CONSTITUTION DU 4 OCTOBRE 1958

QUATORZIÈME LÉGISLATURE

Enregistré à la Présidence de l’Assemblée nationale le 10 avril 2013.

PROPOSITION DE LOI ORGANIQUE

relative à la transparence de la vie publique
et à la prévention des conflits d’intérêts,

(Renvoyée à la commission des lois constitutionnelles, de la législation et de l’administration générale
de la République, à défaut de constitution d’une commission spéciale
dans les délais prévus par les articles 30 et 31 du Règlement.)

présentée par Mesdames et Messieurs

François de RUGY, Barbara POMPILI, Laurence ABEILLE, Éric ALAUZET, Brigitte ALLAIN, Isabelle ATTARD, Danielle AUROI, Denis BAUPIN, Christophe CAVARD, Sergio CORONADO, François-Michel LAMBERT, Noël MAMÈRE, Véronique MASSONNEAU, Paul MOLAC, Jean-Louis ROUMEGAS et Eva SAS,

député-e-s.

EXPOSÉ DES MOTIFS

Mesdames, Messieurs,

La présente proposition de loi ne vient pas de nulle part, et n’a rien d’une démarche opportuniste. Certains de ses auteurs avaient, il y a deux ans à peine, proposé à l’Assemblée nationale d’adopter une grande partie des mesures ici proposées. Malgré un débat de qualité, la majorité d’alors avait rejeté les propositions formulées.

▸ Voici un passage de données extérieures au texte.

(* Let $h\in\mathbb{Z}$, $k\ge1$ and $n\ge0$. The number of partitions $\lambda\vdash n$ having an $h$-fixed hook arising from a part of size $k$ equals the number of partitions $\mu$ of $n+\binom{k}{2}-(h+1)$ such that the minimal excludant of $\mu$ is $k$ and $$h+1+\#\{\text{parts of }\mu\text{ larger than }k\}>\#\{\text{parts of }\mu\text{ smaller than }k\}.$$
   Context: A partition $\lambda=(\lambda_1\ge\cdots\ge\lambda_t>0)$ of $n$ has first-column hook lengths $h_{s,1}(\lambda)=\lambda_s+(t-s)$. An $h$-fixed hook arising from a part of size $k$ is an index $s$ with $h_{s,1}(\lambda)=s+h$ and $\lambda_s=k$. The minimal excludant (mex) of a partition is the smallest positive integer that does not occur as a part. Parts are counted with multiplicity. Partitions of negative integers do not exist (count $0$). *)

theory Defs
  imports Main
begin

definition is_partition :: "nat list \<Rightarrow> bool" where
  "is_partition xs \<longleftrightarrow> sorted_wrt (\<ge>) xs \<and> (\<forall>p\<in>set xs. p > 0)"

definition partitions_of :: "int \<Rightarrow> nat list set" where
  "partitions_of m = {xs. is_partition xs \<and> int (sum_list xs) = m}"

text \<open>First-column hook length h_{s,1} = lambda_s + (t - s), 1-based index s.\<close>
definition hook1 :: "nat list \<Rightarrow> nat \<Rightarrow> nat" where
  "hook1 xs s = xs ! (s - 1) + (length xs - s)"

Qui ne voit aujourd’hui que, les mêmes causes produisant les mêmes effets, la transparence financière de la vie politique, la lutte contre les conflits d’intérêts et le rétablissement de la confiance entre élus et citoyens demeurent à réaliser ?

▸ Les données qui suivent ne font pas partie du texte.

(* Let $1\le m<n$ be integers and let $c_1,\dots,c_m$ be non-negative integers satisfying $c_1+2c_2+\cdots+mc_m\le n-m-1$. Let $\pi\in S_n$ be chosen uniformly at random, and let $c_i(\pi)$ denote the number of cycles of length $i$ in $\pi$. Then \[ \frac{1}{(2m+2)\prod_{i=1}^m c_i!\, i^{c_i}} \le \mathbb{P}\big(c_1(\pi)=c_1,\dots,c_m(\pi)=c_m\big) \le \frac{1}{(m+1)\prod_{i=1}^m c_i!\, i^{c_i}}. \]
   Context: $S_n$ is the symmetric group on $\{1,\dots,n\}$. *)

theory Defs
  imports "HOL-Combinatorics.Combinatorics" Complex_Main
begin

definition cyc_count :: "nat \<Rightarrow> (nat \<Rightarrow> nat) \<Rightarrow> nat \<Rightarrow> nat" where
  "cyc_count n p i = card {orbit p x | x. x \<in> {1..n} \<and> card (orbit p x) = i}"

definition sym_prob :: "nat \<Rightarrow> ((nat \<Rightarrow> nat) \<Rightarrow> bool) \<Rightarrow> real" where
  "sym_prob n P = real (card {p. p permutes {1..n} \<and> P p}) / real (card {p. p permutes {1..n}})"

end

theory Submission
  imports Defs
begin

text \<open>
  A permutation of \<open>S \<union> {a}\<close> is uniquely of the form \<open>(a b) \<circ> p\<close> with \<open>p\<close> a permutation
  of \<open>S\<close> and \<open>b \<in> S \<union> {a}\<close>: it arises from \<open>p\<close> by inserting \<open>a\<close> in front of \<open>b\<close>, so its
  cycles are those of \<open>p\<close> except that the cycle through \<open>b\<close>, of length \<open>l\<close> say, grows to
  length \<open>l + 1\<close> (for \<open>b = a\<close>, \<open>a\<close> becomes a new fixed point). Counting the insertions that
  produce prescribed numbers \<open>c\<^sub>i\<close> of \<open>i\<close>-cycles for \<open>i \<le> m\<close> gives a recurrence for the
  number \<open>N\<^sub>n(c)\<close> of permutations of \<open>n\<close> points with these cycle counts, solved by
  \<open>N\<^sub>n(c) * \<Prod>\<^sub>i c\<^sub>i! i^c\<^sub>i = n! * d\<^sub>m(n - \<Sum>\<^sub>i i c\<^sub>i)\<close>, where
  \<open>(k + 1) d\<^sub>m(k + 1) = k d\<^sub>m(k) + d\<^sub>m(k - m)\<close>. This recurrence forces \<open>k d\<^sub>m(k) = 1\<close> for
  \<open>m < k \<le> 2m + 1\<close>, and then induction on \<open>k\<close> gives \<open>1/(2m + 2) \<le> d\<^sub>m(k) \<le> 1/(m + 1)\<close>
  for all \<open>k > m\<close>.
\<close>

section \<open>Inserting a point into a permutation\<close>

lemma orbit_eq_if_mem_orbit:
  assumes "permutation f" "x \<in> orbit f y"
  shows "orbit f x = orbit f y"
  using assms cyclic_on_orbit' orbit_cyclic_eq3 by metis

Le rétablissement, aux yeux de l’opinion, de la légitimité morale des responsables politiques à agir doit être vu comme un impératif absolu, car il est la condition première du retour à la crédibilité de l’action publique et, au final, à son efficacité.

L’analyse qui inspirait les auteurs de la proposition de loi de 2011 est aujourd’hui toujours d’actualité.

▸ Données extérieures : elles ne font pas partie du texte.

(* Let $n\geq1$ be an integer, $R_1>R_2>0$, $\lambda>0$, and let $\Omega:=\{x\in\mathbb{R}^n\mid R_2<|x|<R_1\}$, where $|\cdot|$ is the Euclidean norm. Let $H(t):=\tfrac12\left(\tfrac12t^2-\lambda\right)^2$ for $t\in\mathbb{R}$ and $\theta(r):=r^{n-1}$. Let $f:[R_2,R_1]\to\mathbb{R}$ be continuous with $\int_{R_2}^{R_1}\theta f=0$, such that there is a unique $R_3\in(R_2,R_1)$ with $f(R_3)=0$ and $f(r)\neq0$ for $r\in[R_2,R_1]\setminus\{R_3\}$, and such that $\int_{R_2}^{R_1}|\theta f|<R_2^{n-1}(2\lambda/3)^{3/2}$. Let $$U:=\{u=\upsilon\circ|\cdot|\ :\ \upsilon\in C^1[R_2,R_1],\ \upsilon'(R_1)=\upsilon'(R_2)=0\}\subset C^1(\overline\Omega),$$ endowed with the norm $\|u\|:=\sup_{x\in\overline\Omega}|u(x)|+\sup_{x\in\overline\Omega}|\nabla u(x)|$, and define $I:U\to\mathbb{R}$, $I[u]:=\int_\Omega\big(H(|\nabla u(x)|)-f(|x|)u(x)\big)\,dx$. Let $F(r):=-\frac{1}{r^{n-1}}\int_{R_2}^r f(\rho)\rho^{n-1}\,d\rho$ for $r\in[R_2,R_1]$, and for $A\in\left(-(2\lambda/3)^{3/2},(2\lambda/3)^{3/2}\right)$ let $z_2(A)$ be the unique solution in $\left(-\sqrt{2\lambda/3},\sqrt{2\lambda/3}\right)$ of $z\left(\tfrac12z^2-\lambda\right)=A$. Then $I$ (on $U$) has no local minimizers, and $\overline u\in U$ is a local maximizer of $I$ on $U$ if and only if there exists $u_0\in\mathbb{R}$ such that $\overline u(x)=u_0+\int_{R_2}^{|x|}z_2(F(\rho))\,d\rho$ for every $x\in\overline\Omega$.
   Context: Here $\upsilon\circ|\cdot|$ denotes the radially symmetric function $x\mapsto\upsilon(|x|)$ on $\overline\Omega$. Under the hypotheses, $|F(r)|<(2\lambda/3)^{3/2}$ on $[R_2,R_1]$, so $z_2(F(\rho))$ is well defined. *)

theory Defs
  imports "HOL-Analysis.Analysis"
begin

definition annulus :: "real \<Rightarrow> real \<Rightarrow> (real^'n) set" where
  "annulus R2 R1 = {x. R2 < norm x \<and> norm x < R1}"

definition cl_annulus :: "real \<Rightarrow> real \<Rightarrow> (real^'n) set" where
  "cl_annulus R2 R1 = {x. R2 \<le> norm x \<and> norm x \<le> R1}"

definition Hfun :: "real \<Rightarrow> real \<Rightarrow> real" where
  "Hfun lam t = (1/2) * ((1/2) * t^2 - lam)^2"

Certes, au cours des quinze dernières années, de nombreuses avancées législatives ont conduit à la définition d’un corpus imposant de dispositions destinées à assurer la transparence financière de la vie politique. Celles-ci ont eu pour ambition de traiter des principaux aspects concourant à la transparence de la vie politique.

Concernant la déclaration de patrimoine, on notera notamment :

– la loi n° 88-227 du 11 mars 1988 relative à la transparence financière de la vie politique, qui instaure l’obligation de déclaration de patrimoine pour les membres du gouvernement, les députés européens et les dirigeants d’organismes publics ;

– le décret d’application n° 96-762 du 1er septembre 1996 concernant l’obligation de déclaration de son patrimoine, qui précise les modalités de déclaration de patrimoine d’un certain nombre de hauts responsables publics ;

– la circulaire du 1er septembre 1996, relative aux déclarations de situation patrimoniale de certains élus ou des titulaires de certaines fonctions qui prévoit l’information des assujettis de l’obligation qui leur incombe, des conséquences qui s’y attachent et des modalités pratiques de leur déclaration ainsi que l’information de la commission et la mise en œuvre des sanctions ;

– la loi n° 95-65 du 8 février 1995 relative à la déclaration du patrimoine des membres du Gouvernement et des titulaires de certaines fonctions, qui étend notamment l’obligation de déclaration du patrimoine aux membres de l’organe délibérant d’un EPCI à fiscalité propre et sanctionne d’inéligibilité le non-respect de cette obligation ;

– la loi organique n° 2004-192 du 27 février 2004 portant statut d’autonomie de la Polynésie française, qui étend le dispositif au président, aux membres du gouvernement de Polynésie, ainsi qu’aux représentants à l’assemblée de Polynésie.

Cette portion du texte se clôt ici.